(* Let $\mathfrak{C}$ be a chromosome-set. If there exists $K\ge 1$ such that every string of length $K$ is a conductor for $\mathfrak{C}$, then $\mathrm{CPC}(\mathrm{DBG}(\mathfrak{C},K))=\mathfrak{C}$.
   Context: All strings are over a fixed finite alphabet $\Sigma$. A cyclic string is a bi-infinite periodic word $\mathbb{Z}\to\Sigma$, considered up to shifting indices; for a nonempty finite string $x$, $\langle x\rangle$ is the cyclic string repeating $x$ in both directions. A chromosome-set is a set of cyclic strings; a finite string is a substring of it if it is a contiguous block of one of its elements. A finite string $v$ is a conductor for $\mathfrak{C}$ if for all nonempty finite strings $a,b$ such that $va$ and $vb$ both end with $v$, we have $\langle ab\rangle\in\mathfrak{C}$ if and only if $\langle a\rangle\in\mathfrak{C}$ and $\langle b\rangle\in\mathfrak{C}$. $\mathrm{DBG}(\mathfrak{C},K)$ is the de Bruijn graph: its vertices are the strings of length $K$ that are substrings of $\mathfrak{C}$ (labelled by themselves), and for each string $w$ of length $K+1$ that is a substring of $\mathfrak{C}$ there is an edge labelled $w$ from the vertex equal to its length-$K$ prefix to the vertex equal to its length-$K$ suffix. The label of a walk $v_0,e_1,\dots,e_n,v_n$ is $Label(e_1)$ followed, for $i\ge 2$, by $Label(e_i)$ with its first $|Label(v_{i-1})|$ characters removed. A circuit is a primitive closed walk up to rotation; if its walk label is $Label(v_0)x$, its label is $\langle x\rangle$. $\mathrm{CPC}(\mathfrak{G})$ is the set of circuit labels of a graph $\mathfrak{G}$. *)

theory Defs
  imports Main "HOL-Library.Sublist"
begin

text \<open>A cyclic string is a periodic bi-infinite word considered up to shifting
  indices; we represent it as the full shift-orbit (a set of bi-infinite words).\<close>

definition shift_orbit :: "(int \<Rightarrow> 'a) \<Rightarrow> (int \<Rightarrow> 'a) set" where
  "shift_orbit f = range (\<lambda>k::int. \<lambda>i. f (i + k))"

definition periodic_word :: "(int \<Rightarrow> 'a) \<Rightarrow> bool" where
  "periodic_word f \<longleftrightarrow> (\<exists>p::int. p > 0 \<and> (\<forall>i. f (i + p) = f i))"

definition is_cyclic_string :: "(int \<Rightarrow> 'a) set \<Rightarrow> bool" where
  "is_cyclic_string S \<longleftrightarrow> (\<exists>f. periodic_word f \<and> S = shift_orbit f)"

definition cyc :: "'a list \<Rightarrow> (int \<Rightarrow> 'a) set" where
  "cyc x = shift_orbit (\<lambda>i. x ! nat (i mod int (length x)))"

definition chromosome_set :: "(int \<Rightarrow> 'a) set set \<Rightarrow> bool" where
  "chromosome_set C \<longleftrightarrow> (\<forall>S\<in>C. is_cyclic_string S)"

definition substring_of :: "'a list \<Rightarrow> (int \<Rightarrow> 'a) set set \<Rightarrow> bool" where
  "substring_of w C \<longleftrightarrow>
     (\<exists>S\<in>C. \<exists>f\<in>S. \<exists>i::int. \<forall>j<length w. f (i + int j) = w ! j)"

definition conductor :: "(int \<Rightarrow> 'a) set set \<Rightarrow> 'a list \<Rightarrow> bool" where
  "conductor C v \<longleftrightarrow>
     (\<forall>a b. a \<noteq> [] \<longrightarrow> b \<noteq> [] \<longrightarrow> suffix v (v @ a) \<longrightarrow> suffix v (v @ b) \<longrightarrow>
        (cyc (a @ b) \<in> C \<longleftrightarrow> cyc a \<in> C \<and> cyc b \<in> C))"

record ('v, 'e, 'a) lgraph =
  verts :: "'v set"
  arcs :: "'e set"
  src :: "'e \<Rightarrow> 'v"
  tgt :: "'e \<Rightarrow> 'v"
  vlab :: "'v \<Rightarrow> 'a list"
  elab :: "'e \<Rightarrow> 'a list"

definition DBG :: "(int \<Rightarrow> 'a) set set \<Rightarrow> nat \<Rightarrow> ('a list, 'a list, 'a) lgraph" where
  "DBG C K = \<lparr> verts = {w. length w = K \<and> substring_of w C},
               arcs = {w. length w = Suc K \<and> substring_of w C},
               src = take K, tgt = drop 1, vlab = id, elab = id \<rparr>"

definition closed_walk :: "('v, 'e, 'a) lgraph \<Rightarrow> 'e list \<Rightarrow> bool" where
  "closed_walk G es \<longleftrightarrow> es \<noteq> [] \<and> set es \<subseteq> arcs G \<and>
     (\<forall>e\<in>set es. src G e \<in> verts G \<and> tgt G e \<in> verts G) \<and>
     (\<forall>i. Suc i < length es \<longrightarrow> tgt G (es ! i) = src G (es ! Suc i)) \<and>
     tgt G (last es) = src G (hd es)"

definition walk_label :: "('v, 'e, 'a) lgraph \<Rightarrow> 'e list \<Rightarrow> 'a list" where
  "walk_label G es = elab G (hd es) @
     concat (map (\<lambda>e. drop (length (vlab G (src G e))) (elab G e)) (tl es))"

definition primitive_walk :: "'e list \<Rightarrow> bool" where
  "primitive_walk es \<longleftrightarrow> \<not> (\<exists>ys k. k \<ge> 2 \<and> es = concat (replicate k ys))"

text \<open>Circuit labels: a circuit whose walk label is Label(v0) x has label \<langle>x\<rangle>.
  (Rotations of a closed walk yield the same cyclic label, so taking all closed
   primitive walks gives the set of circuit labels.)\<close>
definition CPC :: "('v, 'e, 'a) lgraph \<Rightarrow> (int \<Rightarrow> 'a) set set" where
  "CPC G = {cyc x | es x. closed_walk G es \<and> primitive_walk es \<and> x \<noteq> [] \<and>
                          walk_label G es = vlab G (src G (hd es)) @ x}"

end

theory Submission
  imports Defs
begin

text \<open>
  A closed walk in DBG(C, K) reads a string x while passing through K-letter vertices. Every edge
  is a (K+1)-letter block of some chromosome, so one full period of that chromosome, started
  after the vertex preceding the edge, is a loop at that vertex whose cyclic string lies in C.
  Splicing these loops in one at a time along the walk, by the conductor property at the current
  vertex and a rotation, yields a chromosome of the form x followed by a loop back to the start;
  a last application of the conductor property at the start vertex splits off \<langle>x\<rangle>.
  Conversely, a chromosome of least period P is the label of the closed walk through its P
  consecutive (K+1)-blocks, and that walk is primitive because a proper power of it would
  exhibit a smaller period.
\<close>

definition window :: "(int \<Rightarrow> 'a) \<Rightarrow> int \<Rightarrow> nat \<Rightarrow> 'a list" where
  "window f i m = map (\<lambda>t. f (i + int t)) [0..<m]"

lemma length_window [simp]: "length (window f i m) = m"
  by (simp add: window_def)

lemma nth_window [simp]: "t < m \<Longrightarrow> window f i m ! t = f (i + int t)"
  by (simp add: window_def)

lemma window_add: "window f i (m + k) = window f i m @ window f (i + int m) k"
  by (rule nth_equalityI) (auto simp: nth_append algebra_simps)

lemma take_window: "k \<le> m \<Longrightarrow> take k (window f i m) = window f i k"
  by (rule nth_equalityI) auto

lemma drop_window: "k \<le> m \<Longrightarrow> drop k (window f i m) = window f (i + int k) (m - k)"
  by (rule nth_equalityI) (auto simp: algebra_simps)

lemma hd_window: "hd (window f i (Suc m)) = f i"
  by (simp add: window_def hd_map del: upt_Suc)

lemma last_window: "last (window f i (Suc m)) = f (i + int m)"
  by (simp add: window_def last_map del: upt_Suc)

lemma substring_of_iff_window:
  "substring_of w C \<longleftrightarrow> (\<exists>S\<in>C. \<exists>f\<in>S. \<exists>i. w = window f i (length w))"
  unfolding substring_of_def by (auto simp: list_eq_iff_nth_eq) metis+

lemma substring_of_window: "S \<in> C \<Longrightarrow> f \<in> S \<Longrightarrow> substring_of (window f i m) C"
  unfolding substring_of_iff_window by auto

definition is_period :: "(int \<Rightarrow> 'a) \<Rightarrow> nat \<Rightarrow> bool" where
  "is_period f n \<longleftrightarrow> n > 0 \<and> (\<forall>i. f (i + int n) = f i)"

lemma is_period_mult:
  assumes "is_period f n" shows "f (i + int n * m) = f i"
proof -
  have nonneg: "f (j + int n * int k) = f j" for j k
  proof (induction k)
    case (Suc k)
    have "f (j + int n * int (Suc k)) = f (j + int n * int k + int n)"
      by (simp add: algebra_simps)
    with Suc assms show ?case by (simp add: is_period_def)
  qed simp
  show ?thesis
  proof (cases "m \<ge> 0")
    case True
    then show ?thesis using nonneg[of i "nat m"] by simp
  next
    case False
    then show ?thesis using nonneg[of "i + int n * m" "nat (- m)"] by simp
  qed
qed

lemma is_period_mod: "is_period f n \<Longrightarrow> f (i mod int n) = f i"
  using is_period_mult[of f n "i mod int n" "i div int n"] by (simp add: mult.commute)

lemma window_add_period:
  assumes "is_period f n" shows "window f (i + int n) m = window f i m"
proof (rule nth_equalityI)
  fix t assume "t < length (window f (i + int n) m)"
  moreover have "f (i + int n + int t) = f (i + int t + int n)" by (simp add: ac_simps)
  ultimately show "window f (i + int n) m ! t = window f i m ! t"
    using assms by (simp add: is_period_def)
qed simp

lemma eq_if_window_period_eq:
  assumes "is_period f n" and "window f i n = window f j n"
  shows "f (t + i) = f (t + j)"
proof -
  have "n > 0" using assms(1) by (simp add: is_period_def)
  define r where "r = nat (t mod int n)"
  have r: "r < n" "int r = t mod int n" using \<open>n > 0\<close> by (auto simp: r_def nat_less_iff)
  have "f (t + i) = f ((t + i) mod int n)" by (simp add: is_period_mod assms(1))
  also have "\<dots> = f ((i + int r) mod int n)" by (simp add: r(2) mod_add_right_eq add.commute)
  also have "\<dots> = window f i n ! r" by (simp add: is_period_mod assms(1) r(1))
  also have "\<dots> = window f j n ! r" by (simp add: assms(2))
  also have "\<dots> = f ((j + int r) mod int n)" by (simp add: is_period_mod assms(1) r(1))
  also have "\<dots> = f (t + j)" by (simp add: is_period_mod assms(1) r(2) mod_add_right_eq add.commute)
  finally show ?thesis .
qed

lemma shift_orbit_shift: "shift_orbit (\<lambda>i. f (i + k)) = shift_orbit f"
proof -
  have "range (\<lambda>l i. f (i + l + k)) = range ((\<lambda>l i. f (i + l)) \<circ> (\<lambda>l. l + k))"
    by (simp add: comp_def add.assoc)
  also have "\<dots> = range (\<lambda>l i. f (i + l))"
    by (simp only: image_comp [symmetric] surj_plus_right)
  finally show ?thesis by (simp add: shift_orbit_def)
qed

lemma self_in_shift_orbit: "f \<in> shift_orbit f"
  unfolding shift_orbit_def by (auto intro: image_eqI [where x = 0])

● ● ● ● ● ● ●

(TASK INSTRUCTIONS):
Of all the entries above, output exactly the lines between the one holding "G (hd es) @" and the one holding "es \<longleftrightarrow> \<not>", inclusive.

(RESPONSE TO THIS TASK):
  "walk_label G es = elab G (hd es) @
     concat (map (\<lambda>e. drop (length (vlab G (src G e))) (elab G e)) (tl es))"

definition primitive_walk :: "'e list \<Rightarrow> bool" where
  "primitive_walk es \<longleftrightarrow> \<not> (\<exists>ys k. k \<ge> 2 \<and> es = concat (replicate k ys))"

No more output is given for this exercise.